(* Let $\alpha>0$, $t_0>0$, $x_0\in\mathcal H$, and let $x$ be a solution of the Cauchy problem $$\tfrac{\alpha}{t}\dot x(t)+\operatorname{proj}_{C(x(t))+\ddot x(t)}(0)=0\ (t>t_0),\qquad x(t_0)=x_0,\ \dot x(t_0)=0 .$$ Let $\mathcal W_i(t)=f_i(x(t))+\frac12\|\dot x(t)\|^2$, and for $z\in\mathcal H$ let $h_z(t)=\frac12\|x(t)-z\|^2$ and $C_z=(\alpha+1)\frac{1}{t_0^2}h_z(t_0)+\frac{3}{2\alpha}\max_{i}\big(f_i(x_0)-f_i(z)\big)$. Then there exist constants $A,B\in\mathbb R$, independent of $z$, such that for all $z\in\mathcal H$ and all $\tau>t_0$, $$\min_{i=1,\dots,m}\big(\mathcal W_i(\tau)-f_i(z)\big)\,\big[\tau\ln\tau+A\tau+B\big]\le C_z(\tau-t_0)+\frac{h_z(t_0)}{t_0}.$$
   Context: $\mathcal H$ is a real Hilbert space. $f_1,\dots,f_m:\mathcal H\to\mathbb R$ are convex and continuously differentiable. $C(x)=\operatorname{co}\{\nabla f_i(x):i=1,\dots,m\}$. For a closed convex $K$, $\operatorname{proj}_K(y)=\arg\min_{w\in K}\|w-y\|^2$. A solution of the Cauchy problem is a function $x:[t_0,+\infty)\to\mathcal H$ such that: $x\in C^1([t_0,+\infty))$; $\dot x$ is absolutely continuous on $[t_0,T]$ for every $T\ge t_0$; there is a Bochner measurable $\ddot x$ with $\dot x(t)=\dot x(t_0)+\int_{t_0}^t\ddot x(s)\,ds$ for all $t$, and $\frac{d}{dt}\dot x=\ddot x$ a.e.; the equation holds for almost all $t\ge t_0$; and the initial conditions hold. *)

theory Defs
  imports "HOL-Analysis.Analysis"
begin

definition proj :: "'a::real_inner set \<Rightarrow> 'a \<Rightarrow> 'a" where
  "proj K y = (SOME w. w \<in> K \<and> (\<forall>v\<in>K. (norm (w - y)) ^ 2 \<le> (norm (v - y)) ^ 2))"

definition abs_continuous_on :: "real \<Rightarrow> real \<Rightarrow> (real \<Rightarrow> 'a::real_normed_vector) \<Rightarrow> bool" where
  "abs_continuous_on a b u \<longleftrightarrow>
     (\<forall>\<epsilon>>0. \<exists>\<delta>>0. \<forall>I :: (real \<times> real) set.
        finite I \<and> (\<forall>(p,q)\<in>I. a \<le> p \<and> p \<le> q \<and> q \<le> b)
        \<and> (\<forall>i\<in>I. \<forall>j\<in>I. i \<noteq> j \<longrightarrow> {fst i<..<snd i} \<inter> {fst j<..<snd j} = {})
        \<and> (\<Sum>(p,q)\<in>I. q - p) < \<delta>
        \<longrightarrow> (\<Sum>(p,q)\<in>I. norm (u q - u p)) < \<epsilon>)"

end

theory Submission
  imports Defs
begin

text \<open>Almost everywhere, the equation says \<open>x'' = -(\<alpha>/t) x' - c\<close> with \<open>c \<in> C(x)\<close>, and the
  variational inequality of the projection gives \<open>\<langle>x', w + x''\<rangle> \<le> -(\<alpha>/t) \<parallel>x'\<parallel>\<^sup>2\<close> for all
  \<open>w \<in> C(x)\<close>; hence every energy \<open>W\<^sub>i = f\<^sub>i \<circ> x + \<parallel>x'\<parallel>\<^sup>2/2\<close> is nonincreasing.
  With \<open>\<mu> = min\<^sub>i (W\<^sub>i(\<tau>) - f\<^sub>i(z))\<close>, convexity gives \<open>\<langle>x - z, c\<rangle> \<ge> \<mu> - \<parallel>x'\<parallel>\<^sup>2/2\<close> on
  \<open>[t\<^sub>0, \<tau>]\<close>, which makes \<open>\<langle>x - z, x'\<rangle>/t + (\<alpha> + 1) h\<^sub>z/t\<^sup>2 + \<mu> ln t + 3/(2\<alpha>) W\<^sub>0\<close> nonincreasing.
  This bounds \<open>h\<^sub>z'/t\<close>, and integrating once more yields the estimate.
  Since \<open>x'\<close> is only differentiable almost everywhere, monotonicity is derived from almost
  everywhere derivatives of pointwise Lipschitz functions, which cannot increase on null sets.\<close>

section \<open>Pointwise Lipschitz functions\<close>

definition lipschitz_at :: "'a::metric_space set \<Rightarrow> ('a \<Rightarrow> 'b::metric_space) \<Rightarrow> 'a \<Rightarrow> bool" where
  "lipschitz_at S f x \<longleftrightarrow> (\<exists>d>0. \<exists>B. \<forall>y\<in>S. dist y x < d \<longrightarrow> dist (f y) (f x) \<le> B * dist y x)"

lemma lipschitz_atI:
  assumes "d > 0" "\<And>y. y \<in> S \<Longrightarrow> dist y x < d \<Longrightarrow> dist (f y) (f x) \<le> B * dist y x"
  shows "lipschitz_at S f x"
  using assms unfolding lipschitz_at_def by blast

lemma lipschitz_atE:
  assumes "lipschitz_at S f x"
  obtains d B where "d > 0" "B \<ge> 0" "\<And>y. y \<in> S \<Longrightarrow> dist y x < d \<Longrightarrow> dist (f y) (f x) \<le> B * dist y x"
proof -
  obtain d B where "d > 0" and B: "\<forall>y\<in>S. dist y x < d \<longrightarrow> dist (f y) (f x) \<le> B * dist y x"
    using assms unfolding lipschitz_at_def by blast
  moreover have "B * dist y x \<le> \<bar>B\<bar> * dist y x" for y
    by (simp add: mult_right_mono)
  ultimately show thesis
    using that[of d "\<bar>B\<bar>"] by (meson abs_ge_zero order_trans)
qed

lemma lipschitz_at_const: "lipschitz_at S (\<lambda>y. c) x"
  by (rule lipschitz_atI[where d=1 and B=0]) auto

lemma lipschitz_at_subset: "lipschitz_at S f x \<Longrightarrow> T \<subseteq> S \<Longrightarrow> lipschitz_at T f x"
  unfolding lipschitz_at_def by blast

lemma lipschitz_on_imp_lipschitz_at: "L-lipschitz_on S f \<Longrightarrow> x \<in> S \<Longrightarrow> lipschitz_at S f x"
  by (rule lipschitz_atI[where d=1 and B=L]) (auto dest: lipschitz_onD)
- - -
→ **About this exercise**: Looking at the records above, return exactly the lines from the line with "Since \<open>x'\<close> is" to the line with "set \<Rightarrow> ('a", both ends included.

→ **Answer to the exercise**:
  Since \<open>x'\<close> is only differentiable almost everywhere, monotonicity is derived from almost
  everywhere derivatives of pointwise Lipschitz functions, which cannot increase on null sets.\<close>

section \<open>Pointwise Lipschitz functions\<close>

definition lipschitz_at :: "'a::metric_space set \<Rightarrow> ('a \<Rightarrow> 'b::metric_space) \<Rightarrow> 'a \<Rightarrow> bool" where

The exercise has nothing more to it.